• [Required work]:
Return only how many lines in the data include the string "Probability".

• [Entries supplied]:
Content starts

(* Assume the Setting below together with (A-sub), (A-outer), (A-sing). Let $\gamma_1,\dots,\gamma_c\in\mathbb R^d$ be server vectors with fixed vectors $\mathbb E\gamma_z\in\mathcal P^*$ satisfying $\|\mathbb E\gamma_z-\mathbb E\mu\|_2\le\delta_s$ for all $z$. Let $\hat{\mathcal P}$ be any affine subspace of $\mathbb R^d$ and $\Delta\Gamma=[\Pi_{\hat{\mathcal P}}(\gamma_1)-\mathbb E\gamma_1,\dots,\Pi_{\hat{\mathcal P}}(\gamma_c)-\mathbb E\gamma_c]\in\mathbb R^{d\times c}$. Then, with $\|\cdot\|_2$ the spectral norm, $$\|\Delta\Gamma\|_2^2\le2\sum_{z=1}^c\|\gamma_z-\mathbb E\gamma_z\|_2^2+4c\Big(\frac1{n-2f}+\frac{(\delta+\delta_s)^2}{\sigma^2}\Big)\Big(\ell_t(\hat{\mathcal P})+\sum_{i\in\mathcal H}\|g_i-\mathbb Eg_i\|_2^2\Big).$$ Consequently, if $\mathbb E\|g_i-\mathbb Eg_i\|_2^2\le\epsilon^2$ ($i\in\mathcal H$) and $\mathbb E\|\gamma_z-\mathbb E\gamma_z\|_2^2\le\epsilon_s^2$ for all $z$, then $\mathbb E\|\Delta\Gamma\|_2^2\le2c\epsilon_s^2+4c\big(\frac1{n-2f}+\frac{(\delta+\delta_s)^2}{\sigma^2}\big)\big(\mathbb E\ell_t(\hat{\mathcal P})+|\mathcal H|\epsilon^2\big)$.
   Context: Setting: let $n,f,c,d$ be positive integers with $c\ge2$, $d\ge c$, $n-2f\ge1$. The index set $\{1,\dots,n\}$ is partitioned as $\mathcal H\sqcup\mathcal B$ (honest and Byzantine clients) with $|\mathcal B|\le f$. Each client $i$ has a vector $g_i\in\mathbb R^d$; for $i\in\mathcal H$, $\mathbb Eg_i\in\mathbb R^d$ denotes a fixed vector (the expectation of $g_i$), and $\mathbb E\mu=\frac1{|\mathcal H|}\sum_{i\in\mathcal H}\mathbb Eg_i$. A $k$-dimensional affine subspace is $\mathcal P=\{U\lambda+m:\lambda\in\mathbb R^k\}$ with $U\in\mathbb R^{d\times k}$ having orthonormal columns and $m\in\mathbb R^d$; its orthogonal projection is $\Pi_{\mathcal P}(w)=UU^\top(w-m)+m$. The trimmed reconstruction loss of an affine subspace $\mathcal P$ is $\ell_t(\mathcal P)=\min_{S\subseteq\{1,\dots,n\},\,|S|=n-f}\sum_{i\in S}\|g_i-\Pi_{\mathcal P}(g_i)\|_2^2$. Assumptions: (A-sub) there is a $(c-1)$-dimensional affine subspace $\mathcal P^*$ containing $\mathbb Eg_i$ for all $i\in\mathcal H$; (A-outer) $\|\mathbb Eg_i-\mathbb E\mu\|_2\le\delta$ for all $i\in\mathcal H$; (A-sing) for every $S\subseteq\mathcal H$ with $|S|=n-2f$, the $d\times(n-2f)$ matrix with columns $\mathbb Eg_s-\frac1{n-2f}\sum_{s'\in S}\mathbb Eg_{s'}$ ($s\in S$) has $(c-1)$-th largest singular value at least $\sigma>0$. *)

theory Defs
  imports "HOL-Probability.Probability"
begin
(* Consider the system of ordinary differential equations, for $t\ge 0$, \begin{align*} \dot S &= \Lambda + \omega m Q - \big[\lambda(t)(1-p) + \phi p + \mu\big] S,\\ \dot A &= \lambda(t)(1-p) S - (q\upsilon+\mu) A,\\ \dot I &= q\upsilon A - (\delta_1+\mu) I,\\ \dot Q &= \phi p S + \delta_1 f_1 I + \delta_2(1-f_2-f_3) H - (\omega m+\mu) Q,\\ \dot H &= \delta_1(1-f_1) I + \eta(1-\kappa) H_{IC} - \big[\delta_2(1-f_2-f_3) + \delta_2 f_2 + \alpha_1 f_3 + \mu\big] H,\\ \dot H_{IC} &= \delta_2 f_2 H - \big[\eta(1-\kappa) + \alpha_2\kappa + \mu\big] H_{IC}, \end{align*} where $N(t)=S+A+I+Q+H+H_{IC}$ and $\lambda(t)=\beta\,[A(t)+I(t)+l_H H(t)]/N(t)$. Set $a_0=q\upsilon+\mu$, $a_1=\delta_1+\mu$, $a_2=m\omega+\mu$, $a_3=\delta_2(1-f_2-f_3)+\delta_2 f_2+\alpha_1 f_3+\mu$, $a_6=\delta_1(1-f_1)$, $\eta_\kappa=\eta(1-\kappa)$, $a_7=\alpha_2\kappa+\eta_\kappa+\mu$, $\chi=a_3a_7-\delta_2\eta_\kappa f_2$, and define $$R_0=\frac{\beta\, a_2\,(1-p)\Big[\big(l_H\, a_6\, q\upsilon+(a_1+q\upsilon)a_3\big)a_7-\delta_2\,\eta_\kappa\, f_2\,(q\upsilon+a_1)\Big]}{a_0\,a_1\,\chi\,(p\phi+a_2)}.$$ Then the disease-free equilibrium $$\Sigma_0=\Big(\frac{\Lambda a_2}{(p\phi+a_2)\mu},\,0,\,0,\,\frac{p\phi\Lambda}{(p\phi+a_2)\mu},\,0,\,0\Big)$$ (in the order $(S,A,I,Q,H,H_{IC})$) is locally asymptotically stable if $R_0<1$ and unstable if $R_0>1$.
   Context: This is a compartmental COVID-19 model (susceptible $S$, asymptomatic infected $A$, symptomatic infected $I$, quarantined $Q$, hospitalized $H$, hospitalized in intensive care $H_{IC}$). All parameters are non-negative: $\Lambda>0$, $\mu>0$, $\beta>0$, $l_H>0$, $\phi,\upsilon,\delta_1,\delta_2,\eta,\omega,\alpha_1,\alpha_2>0$, and $p,q,f_1,f_2,f_3,\kappa,m\in[0,1]$ with $1-f_2-f_3\in[0,1]$. The relative transmissibility of class $A$ is taken equal to $1$. $R_0$ is called the basic reproduction number. *)

theory Defs
  imports "HOL-Analysis.Analysis"
begin
(* Assume the setting and notation in the context, and suppose the selection threshold is exchangeable: $\hat\tau=\tau(T_i: i\in\mathcal C\cup\mathcal U)$ for a deterministic measurable function $\tau:\mathbb R^{n+m}\to\mathbb R$ that is invariant under all permutations of its $n+m$ arguments. Let $\hat{\mathcal S}_u=\{i\in\mathcal U: T_i\le\hat\tau\}$, $\hat{\mathcal S}_c=\{i\in\mathcal C: T_i\le\hat\tau\}$, and for $j\in\hat{\mathcal S}_u$ let $\mathrm{PI}^{\mathrm{SCOP}}_j=\big[\hat\mu(X_j)-Q_\alpha(\{R_i\}_{i\in\hat{\mathcal S}_c}),\ \hat\mu(X_j)+Q_\alpha(\{R_i\}_{i\in\hat{\mathcal S}_c})\big]$. Then: (i) for every $j\in\mathcal U$ with $\mathbb P(j\in\hat{\mathcal S}_u)>0$, $\mathbb P\big(Y_j\notin \mathrm{PI}^{\mathrm{SCOP}}_j\mid j\in\hat{\mathcal S}_u\big)\le\alpha$; (ii) $\mathrm{FCR}\le\alpha$ for these intervals; (iii) if moreover the residuals $\{R_i\}_{i\in\mathcal C\cup\mathcal U}$ are almost surely pairwise distinct and $\mathbb P(|\hat{\mathcal S}_u|>0)=1$, then $\mathrm{FCR}\ge\alpha-\mathbb E\big[(|\hat{\mathcal S}_c|+1)^{-1}\big]$.
   Context: Setting: $\hat\mu:\mathbb R^d\to\mathbb R$ (prediction model) and $g:\mathbb R^d\to\mathbb R$ (selection score) are fixed deterministic measurable functions (obtained from a training set that is treated as fixed). The calibration indices form a set $\mathcal C$ with $|\mathcal C|=n$ and the test indices a disjoint set $\mathcal U$ with $|\mathcal U|=m$. The pairs $(X_i,Y_i)\in\mathbb R^d\times\mathbb R$, $i\in\mathcal C\cup\mathcal U$, are independent and identically distributed; test labels are unobserved by the procedure. Define scores $T_i=g(X_i)$ and residuals $R_i=|Y_i-\hat\mu(X_i)|$. Fix $\alpha\in(0,1)$. For a finite index set $S$, $Q_\alpha(\{R_i\}_{i\in S})$ denotes the $\lceil(1-\alpha)(|S|+1)\rceil$-th smallest value of $\{R_i\}_{i\in S}$, with the convention that it equals $+\infty$ if $\lceil(1-\alpha)(|S|+1)\rceil>|S|$ (in particular if $S=\emptyset$). For a selected test set $\hat{\mathcal S}_u$ with intervals $\mathrm{PI}_j$, $j\in\hat{\mathcal S}_u$, the false coverage-statement rate is $\mathrm{FCR}=\mathbb E\Big[\frac{|\{j\in\hat{\mathcal S}_u: Y_j\notin\mathrm{PI}_j\}|}{\max\{|\hat{\mathcal S}_u|,1\}}\Big]$. *)

theory Defs
  imports "HOL-Probability.Probability" "HOL-Library.Multiset"
begin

Content ends

• [Output for this task]:
2